Description of the task
Only the lines from the top of the data through the one with "Context: Bayesian bandit" are to be written out, each exactly as it stands.

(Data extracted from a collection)
(* Fix arms $i,j$ and any bandit algorithm. Let $H_t:=\mathbb E[\mu_i\mid\mathcal F_t]\cdot\Pr[A^*=j\mid\mathcal F_t]$. Then the sequence $(H_1,\dots,H_T)$ is a supermartingale (with respect to $(\mathcal F_t)$) if $i\neq j$, and a submartingale if $i=j$.
   Context: Bayesian bandit with Bernoulli rewards and independent priors: $K$ arms; $\mu_1,\dots,\mu_K\in[0,1]$ drawn independently, $\mu_i\sim\mathcal P_i$. Given the means, each arm $i$ has an i.i.d. sequence of $\{0,1\}$-valued samples with mean $\mu_i$; the $n$-th time arm $i$ is chosen its $n$-th sample is observed. The algorithm chooses one arm per round (possibly randomized) based on past arms and rewards, for $T$ rounds. $\mathcal F_t$ is the $\sigma$-algebra generated by chosen arms and rewards before round $t$. $A^*=\min(\arg\max_k\mu_k)$. *)

theory Defs
  imports "HOL-Probability.Probability"
begin

text \<open>History of the first t rounds (rounds 1..t) of a bandit algorithm.
  alg s h r : arm chosen in round s given past history h and internal random seed r.
  z a n     : the n-th (0-indexed) sample of arm a.
  The n-th time arm a is chosen, its n-th sample is observed.\<close>
fun bandit_hist :: "(nat \<Rightarrow> (nat \<times> bool) list \<Rightarrow> 'r \<Rightarrow> nat) \<Rightarrow> (nat \<Rightarrow> nat \<Rightarrow> bool)
    \<Rightarrow> 'r \<Rightarrow> nat \<Rightarrow> (nat \<times> bool) list" where
  "bandit_hist alg z r 0 = []"
| "bandit_hist alg z r (Suc t) =
     (let h = bandit_hist alg z r t;
          a = alg (Suc t) h r;
          n = length (filter (\<lambda>p. fst p = a) h)
      in h @ [(a, z a n)])"

text \<open>F_t: sigma-algebra generated by the chosen arms and rewards before round t (t \<ge> 1).\<close>
definition bandit_filtration ::
  "'a measure \<Rightarrow> (nat \<Rightarrow> (nat \<times> bool) list \<Rightarrow> 'r \<Rightarrow> nat) \<Rightarrow> (nat \<Rightarrow> nat \<Rightarrow> 'a \<Rightarrow> bool)
     \<Rightarrow> ('a \<Rightarrow> 'r) \<Rightarrow> nat \<Rightarrow> 'a measure" where
  "bandit_filtration M alg Z R t =
     vimage_algebra (space M) (\<lambda>\<omega>. bandit_hist alg (\<lambda>a n. Z a n \<omega>) (R \<omega>) (t - 1)) (count_space UNIV)"

definition best_arm :: "(nat \<Rightarrow> real) \<Rightarrow> nat \<Rightarrow> nat" where
  "best_arm mu K = (LEAST k. k < K \<and> (\<forall>l<K. mu l \<le> mu k))"

definition is_filtration :: "'a measure \<Rightarrow> (nat \<Rightarrow> 'a measure) \<Rightarrow> nat \<Rightarrow> bool" where
  "is_filtration M F T \<longleftrightarrow>
     (\<forall>t\<in>{1..T}. subalgebra M (F t)) \<and> (\<forall>t\<in>{1..<T}. sets (F t) \<subseteq> sets (F (Suc t)))"

definition supermartingale :: "'a measure \<Rightarrow> (nat \<Rightarrow> 'a measure) \<Rightarrow> nat \<Rightarrow> (nat \<Rightarrow> 'a \<Rightarrow> real) \<Rightarrow> bool" where
  "supermartingale M F T X \<longleftrightarrow> is_filtration M F T \<and>
     (\<forall>t\<in>{1..T}. integrable M (X t) \<and> X t \<in> borel_measurable (F t)) \<and>
     (\<forall>t\<in>{1..<T}. AE \<omega> in M. real_cond_exp M (F t) (X (Suc t)) \<omega> \<le> X t \<omega>)"

definition submartingale :: "'a measure \<Rightarrow> (nat \<Rightarrow> 'a measure) \<Rightarrow> nat \<Rightarrow> (nat \<Rightarrow> 'a \<Rightarrow> real) \<Rightarrow> bool" where
  "submartingale M F T X \<longleftrightarrow> is_filtration M F T \<and>
     (\<forall>t\<in>{1..T}. integrable M (X t) \<and> X t \<in> borel_measurable (F t)) \<and>
     (\<forall>t\<in>{1..<T}. AE \<omega> in M. real_cond_exp M (F t) (X (Suc t)) \<omega> \<ge> X t \<omega>)"

end

theory Submission
  imports Defs
begin

text \<open>
  On the event that the history of the first \<open>n\<close> rounds is \<open>h\<close>, the conditional expectation of a
  function \<open>f\<close> of the means is the posterior average \<open>E[f(\<mu>) L\<^sub>h(\<mu>)] / E[L\<^sub>h(\<mu>)]\<close>, where
  \<open>L\<^sub>h\<close> is the Bernoulli likelihood of the rewards in \<open>h\<close>: the arms chosen depend on the
  environment only through these rewards, and the seed of the algorithm is independent of the
  environment, so it contributes a common factor that cancels.

  One more round pulls some arm \<open>a\<close> and observes \<open>b \<in> {0, 1}\<close>. If \<open>u\<^sub>b, v\<^sub>b, w\<^sub>b\<close> are the
  likelihood-weighted integrals of \<open>\<mu>\<^sub>i\<close>, of \<open>[A\<^sup>* = j]\<close> and of \<open>1\<close> after outcome \<open>b\<close>, the
  expected change of \<open>H\<close> is a nonnegative combination, over \<open>a\<close>, of
  \<open>u\<^sub>0 v\<^sub>0 / w\<^sub>0 + u\<^sub>1 v\<^sub>1 / w\<^sub>1 - (u\<^sub>0 + u\<^sub>1) (v\<^sub>0 + v\<^sub>1) / (w\<^sub>0 + w\<^sub>1)
    = (u\<^sub>1 w\<^sub>0 - u\<^sub>0 w\<^sub>1) (v\<^sub>1 w\<^sub>0 - v\<^sub>0 w\<^sub>1) / (w\<^sub>0 w\<^sub>1 (w\<^sub>0 + w\<^sub>1))\<close>.
  For \<open>a \<noteq> i\<close> the first factor vanishes because the priors are independent. For \<open>a = i\<close> it
  is a posterior variance, hence nonnegative, and the second factor is the posterior covariance
  of \<open>\<mu>\<^sub>i\<close> and \<open>[A\<^sup>* = j]\<close>. With the other means fixed, \<open>[A\<^sup>* = j]\<close> is decreasing in
  \<open>\<mu>\<^sub>i\<close> for \<open>i \<noteq> j\<close> and increasing for \<open>i = j\<close>, so by independence of the priors and a
  Chebyshev-type association inequality this covariance is \<open>\<le> 0\<close>, respectively \<open>\<ge> 0\<close>.
\<close>

section \<open>Histories\<close>

lemma length_bandit_hist [simp]: "length (bandit_hist alg z r t) = t"
  by (induction t) (auto simp: Let_def)

lemma butlast_bandit_hist_Suc [simp]: "butlast (bandit_hist alg z r (Suc t)) = bandit_hist alg z r t"
  by (simp add: Let_def)

definition sample_index :: "nat \<Rightarrow> (nat \<times> bool) list \<Rightarrow> nat" where
  "sample_index s h = length (filter (\<lambda>p. fst p = fst (h ! s)) (take s h))"

definition consistent_hist :: "(nat \<Rightarrow> (nat \<times> bool) list \<Rightarrow> 'r \<Rightarrow> nat) \<Rightarrow> (nat \<Rightarrow> nat \<Rightarrow> bool)
    \<Rightarrow> 'r \<Rightarrow> (nat \<times> bool) list \<Rightarrow> bool" where
  "consistent_hist alg z r h \<longleftrightarrow>
     (\<forall>s<length h. fst (h ! s) = alg (Suc s) (take s h) r \<and> snd (h ! s) = z (fst (h ! s)) (sample_index s h))"

lemma consistent_hist_snoc:
  "consistent_hist alg z r (h @ [x]) \<longleftrightarrow> consistent_hist alg z r h \<and>
     fst x = alg (Suc (length h)) h r \<and> snd x = z (fst x) (length (filter (\<lambda>p. fst p = fst x) h))"
  unfolding consistent_hist_def sample_index_def by (auto simp: nth_append less_Suc_eq)

lemma bandit_hist_eq_iff: "bandit_hist alg z r t = h \<longleftrightarrow> length h = t \<and> consistent_hist alg z r h"
proof (induction t arbitrary: h)
  case 0
  then show ?case by (auto simp: consistent_hist_def)
next
  case (Suc t)
  show ?case
  proof
    assume "bandit_hist alg z r (Suc t) = h"
    then show "length h = Suc t \<and> consistent_hist alg z r h"
      using Suc.IH[of "bandit_hist alg z r t"] by (auto simp: Let_def consistent_hist_snoc)
  next
    assume h: "length h = Suc t \<and> consistent_hist alg z r h"
    then obtain h0 x where "h = h0 @ [x]"
      by (metis append_butlast_last_id list.size(3) nat.distinct(1))
    with h Suc.IH[of h0] show "bandit_hist alg z r (Suc t) = h"
      by (cases x) (auto simp: Let_def consistent_hist_snoc)
  qed
qed

lemma sample_index_less:
  assumes "s < s'" "s' < length h" "fst (h ! s) = fst (h ! s')"
  shows "sample_index s h < sample_index s' h"
proof -
  let ?P = "\<lambda>p. fst p = fst (h ! s')"
  have "take s' h = take (Suc s) h @ take (s' - Suc s) (drop (Suc s) h)"
    using assms(1) by (metis Suc_leI le_add_diff_inverse take_add)
  moreover have "take (Suc s) h = take s h @ [h ! s]"
    using assms by (simp add: take_Suc_conv_app_nth)
  ultimately show ?thesis
    using assms(3) by (simp add: sample_index_def)
qed

lemma inj_on_sample_position: "inj_on (\<lambda>s. (fst (h ! s), sample_index s h)) {..<length h}"
proof (rule inj_onI)
  fix s s' assume "s \<in> {..<length h}" "s' \<in> {..<length h}"
    and "(fst (h ! s), sample_index s h) = (fst (h ! s'), sample_index s' h)"
  then show "s = s'"
    using sample_index_less[of s s' h] sample_index_less[of s' s h]
    by (cases s s' rule: linorder_cases) auto
qed

section \<open>Conditional expectation given a discrete random variable\<close>

context prob_space
begin

definition level_average :: "('a \<Rightarrow> real) \<Rightarrow> ('a \<Rightarrow> 'b) \<Rightarrow> 'b \<Rightarrow> real" where
  "level_average X Y y = (\<integral>x. X x * indicator {x\<in>space M. Y x = y} x \<partial>M) / prob {x\<in>space M. Y x = y}"

lemma level_average_mult_prob:
  assumes "integrable M X" "{x\<in>space M. Y x = y} \<in> events"
  shows "level_average X Y y * prob {x\<in>space M. Y x = y} = (\<integral>x. X x * indicator {x\<in>space M. Y x = y} x \<partial>M)"
proof (cases "prob {x\<in>space M. Y x = y} = 0")
  case True
  then have "AE x in M. x \<notin> {x\<in>space M. Y x = y}"
    using assms(2) by (intro AE_not_in) (simp add: emeasure_eq_measure null_sets_def)
  then have "(\<integral>x. X x * indicator {x\<in>space M. Y x = y} x \<partial>M) = 0"
    by (intro integral_eq_zero_AE) (auto elim: AE_mp)
  then show ?thesis using True by simp
qed (simp add: level_average_def)

lemma integral_level_average:
  fixes Y :: "'a \<Rightarrow> 'b::countable" and X :: "'a \<Rightarrow> real"
  assumes Y [measurable]: "Y \<in> measurable M (count_space UNIV)"
    and fin: "finite S" and YS: "\<And>\<omega>. \<omega> \<in> space M \<Longrightarrow> Y \<omega> \<in> S"
    and X: "integrable M X" and A: "A \<in> sets (vimage_algebra (space M) Y (count_space UNIV))"
  shows "(\<integral>x. indicator A x * level_average X Y (Y x) \<partial>M) = (\<integral>x. indicator A x * X x \<partial>M)"
proof -
  obtain B where B: "A = Y -` B \<inter> space M"
    using A by (auto simp: sets_vimage_algebra2)
  let ?E = "\<lambda>y. {x\<in>space M. Y x = y}"
  have E_events [measurable]: "?E y \<in> events" for y
    by measurable
  have split_avg: "indicator A x * level_average X Y (Y x) = (\<Sum>y\<in>S\<inter>B. level_average X Y y * indicator (?E y) x)"
    if "x \<in> space M" for x
    using that YS fin B by (auto simp: indicator_def sum.delta split: if_splits)
  have split_X: "indicator A x * X x = (\<Sum>y\<in>S\<inter>B. X x * indicator (?E y) x)" if "x \<in> space M" for x
    using that YS fin B by (auto simp: indicator_def sum.delta split: if_splits)
  have "(\<integral>x. indicator A x * level_average X Y (Y x) \<partial>M) =
      (\<integral>x. (\<Sum>y\<in>S\<inter>B. level_average X Y y * indicator (?E y) x) \<partial>M)"
    by (rule Bochner_Integration.integral_cong[OF refl split_avg])
  also have "\<dots> = (\<Sum>y\<in>S\<inter>B. level_average X Y y * prob (?E y))"
    by (subst Bochner_Integration.integral_sum) (auto simp: emeasure_eq_measure)
  also have "\<dots> = (\<Sum>y\<in>S\<inter>B. (\<integral>x. X x * indicator (?E y) x \<partial>M))"
    using X by (simp add: level_average_mult_prob)
  also have "\<dots> = (\<integral>x. (\<Sum>y\<in>S\<inter>B. X x * indicator (?E y) x) \<partial>M)"
    using integrable_mult_indicator[OF E_events X]
    by (subst Bochner_Integration.integral_sum) (auto simp: mult.commute)
  also have "\<dots> = (\<integral>x. indicator A x * X x \<partial>M)"
    by (rule Bochner_Integration.integral_cong[OF refl split_X[symmetric]])
  finally show ?thesis .
qed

Output for this exercise
(* Fix arms $i,j$ and any bandit algorithm. Let $H_t:=\mathbb E[\mu_i\mid\mathcal F_t]\cdot\Pr[A^*=j\mid\mathcal F_t]$. Then the sequence $(H_1,\dots,H_T)$ is a supermartingale (with respect to $(\mathcal F_t)$) if $i\neq j$, and a submartingale if $i=j$.
   Context: Bayesian bandit with Bernoulli rewards and independent priors: $K$ arms; $\mu_1,\dots,\mu_K\in[0,1]$ drawn independently, $\mu_i\sim\mathcal P_i$. Given the means, each arm $i$ has an i.i.d. sequence of $\{0,1\}$-valued samples with mean $\mu_i$; the $n$-th time arm $i$ is chosen its $n$-th sample is observed. The algorithm chooses one arm per round (possibly randomized) based on past arms and rewards, for $T$ rounds. $\mathcal F_t$ is the $\sigma$-algebra generated by chosen arms and rewards before round $t$. $A^*=\min(\arg\max_k\mu_k)$. *)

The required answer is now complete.